-------- DATASET RECORDS
(* Assume the setting below with $\mu_+(\infty)\le1$ and $\mu_-(\infty)<\infty$, and (A1), (A4), (A5), (A6). Let $0<\mu_0\le\mu_1<\infty$ be constants with $\mu_0\le f'(\rho)\le\mu_1$ and $\mu_0\rho\le f(\rho)\le\mu_1\rho$ for all $\rho\ge0$. Let $r$ be a regular equilibrium solution with $r(1)=\lambda>0$. Then $$\eta_0\tau(\rho)\le r'(\rho)\le\eta_1\tau(\rho)\qquad\text{for all }\rho\in(0,1],$$ where $\eta_0=\min\{\mu_0/\mu_1,\ q_0^{-1}(\mu_1/\mu_0)\}$ and $\eta_1=\max\{\mu_1/\mu_0,\ q_1^{-1}(\mu_0/\mu_1)\}$.
   Context: Setting: $n\ge2$; $\kappa$ continuous on $[0,\infty)$, $\kappa_\pm=\max\{\pm\kappa,0\}$, $\mu_\pm(\lambda)=\int_0^\lambda s\kappa_\pm(s)ds$ (and $\mu_\pm(\infty)$ the corresponding integrals over $[0,\infty)$); $f$ solves $f''+\kappa f=0$, $f(0)=0$, $f'(0)=1$. $\Phi(v_1,\dots,v_n)=\sum_i\phi(v_i)+h(v_1\cdots v_n)$, $\tau(\rho)=f(r(\rho))/f(\rho)$. An equilibrium solution with $r(1)=\lambda$ is $r\in C^1(0,1]$, twice differentiable on $(0,1)$, $r'>0$ on $(0,1]$, $r(0):=\lim_{\rho\to0^+}r(\rho)\ge0$, $r(1)=\lambda$, satisfying on $(0,1)$ $$f(\rho)\big[\phi''(r')+h''(r'\tau^{n-1})\tau^{2(n-1)}\big]r''=(n-1)\big[f'(r)\phi'(\tau)-f'(\rho)\phi'(r')\big]-(n-1)\big(f'(r)r'-f'(\rho)\tau\big)h''(r'\tau^{n-1})\,r'\tau^{2n-3};$$ regular means $r(0)=0$. (A1) $h$ is $C^2$ and strictly convex. (A4) $\phi:(0,\infty)\to(0,\infty)$ is $C^2$ and convex. (A5) $v\phi'(v)$ is increasing. (A6) there is $t_0\ge0$ with $\phi'(t_0)=0$; $q_1(s)=\sup_{v>t_0}\phi'(v)/\phi'(sv)$ ($s\ge1$), $q_0(s)=\inf_{v>t_0/s}\phi'(v)/\phi'(sv)$ ($s\in(0,1]$) satisfy $q_1\in C^1[1,\infty)$, $q_0\in C^1(0,1]$, $q_1(s)\to0$ as $s\to\infty$, $q_0(s)\to\infty$ as $s\to0^+$, $q_1'<0$, $q_0'<0$. *)

theory Defs
  imports "HOL-Analysis.Analysis"
begin

definition strictly_convex_on :: "real set \<Rightarrow> (real \<Rightarrow> real) \<Rightarrow> bool" where
  "strictly_convex_on S g \<longleftrightarrow> convex S \<and>
     (\<forall>x\<in>S. \<forall>y\<in>S. x \<noteq> y \<longrightarrow> (\<forall>t. 0 < t \<and> t < 1 \<longrightarrow>
        g ((1 - t) * x + t * y) < (1 - t) * g x + t * g y))"

definition kappa_pos :: "(real \<Rightarrow> real) \<Rightarrow> real \<Rightarrow> real" where
  "kappa_pos \<kappa> s = max (\<kappa> s) 0"

definition kappa_neg :: "(real \<Rightarrow> real) \<Rightarrow> real \<Rightarrow> real" where
  "kappa_neg \<kappa> s = max (- \<kappa> s) 0"

definition mu_pos_inf :: "(real \<Rightarrow> real) \<Rightarrow> ennreal" where
  "mu_pos_inf \<kappa> = (\<integral>\<^sup>+ s. ennreal (s * kappa_pos \<kappa> s) * indicator {0..} s \<partial>lborel)"

definition mu_neg_inf :: "(real \<Rightarrow> real) \<Rightarrow> ennreal" where
  "mu_neg_inf \<kappa> = (\<integral>\<^sup>+ s. ennreal (s * kappa_neg \<kappa> s) * indicator {0..} s \<partial>lborel)"

definition q1_fun :: "(real \<Rightarrow> real) \<Rightarrow> real \<Rightarrow> real \<Rightarrow> real" where
  "q1_fun dphi t0 s = (SUP v\<in>{t0<..}. dphi v / dphi (s * v))"

definition q0_fun :: "(real \<Rightarrow> real) \<Rightarrow> real \<Rightarrow> real \<Rightarrow> real" where
  "q0_fun dphi t0 s = (INF v\<in>{t0 / s<..}. dphi v / dphi (s * v))"

definition tau_fun :: "(real \<Rightarrow> real) \<Rightarrow> (real \<Rightarrow> real) \<Rightarrow> real \<Rightarrow> real" where
  "tau_fun f r \<rho> = f (r \<rho>) / f \<rho>"

end

theory Submission
  imports Defs
begin

(*
  Write tau = f(r)/f and G = r' tau^(n-1).  Dividing the equilibrium equation by f
  shows that the "energy" phi'(r') + c h'(G), with the weight c frozen at tau^(n-1),
  is monotone on every interval where r' stays above e1 tau (resp. below e0 tau):
  there tau is monotone (its derivative has a sign because f' lies in [mu0, mu1]),
  and the forcing term f'(r) phi'(tau) - f' phi'(r') has a sign by the growth
  conditions (A5), (A6) on phi'.  Since phi' and h' are increasing, r' itself is then
  monotone on such an interval.  A continuity ("last crossing") argument propagates
  the bound from the last point where it holds, and near the origin regularity,
  r(0+) = 0, compares r'(rho) with the chord slope r(rho)/rho, hence with tau.
*)

lemma convex_on_above_tangent_open:
  fixes g g' :: "real \<Rightarrow> real"
  assumes cvx: "convex_on I g" and I: "open I" "connected I"
    and deriv: "\<And>z. z \<in> I \<Longrightarrow> (g has_real_derivative g' z) (at z)"
    and ab: "a \<in> I" "b \<in> I"
  shows "g' a * (b - a) \<le> g b - g a"
  using convex_on_imp_above_tangent[OF cvx I(2)] ab deriv I(1)
  by (simp add: interior_open has_field_derivative_at_within)

lemma convex_on_deriv_mono:
  fixes g g' :: "real \<Rightarrow> real"
  assumes cvx: "convex_on I g" and I: "open I" "connected I"
    and deriv: "\<And>z. z \<in> I \<Longrightarrow> (g has_real_derivative g' z) (at z)"
    and xy: "x \<in> I" "y \<in> I" "x \<le> y"
  shows "g' x \<le> g' y"
proof -
  have "g' x * (y - x) \<le> g' y * (y - x)"
    using convex_on_above_tangent_open[OF cvx I deriv, of x y]
      convex_on_above_tangent_open[OF cvx I deriv, of y x] xy
    by (simp add: algebra_simps)
  then show ?thesis
    using xy by (cases "x = y") (auto simp: mult_le_cancel_right)
qed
----------------
__WHAT IS BEING ASKED__: Where the material contains a line with "last", return that line.

__EXERCISE ANSWER__:
  monotone on such an interval.  A continuity ("last crossing") argument propagates
  the bound from the last point where it holds, and near the origin regularity,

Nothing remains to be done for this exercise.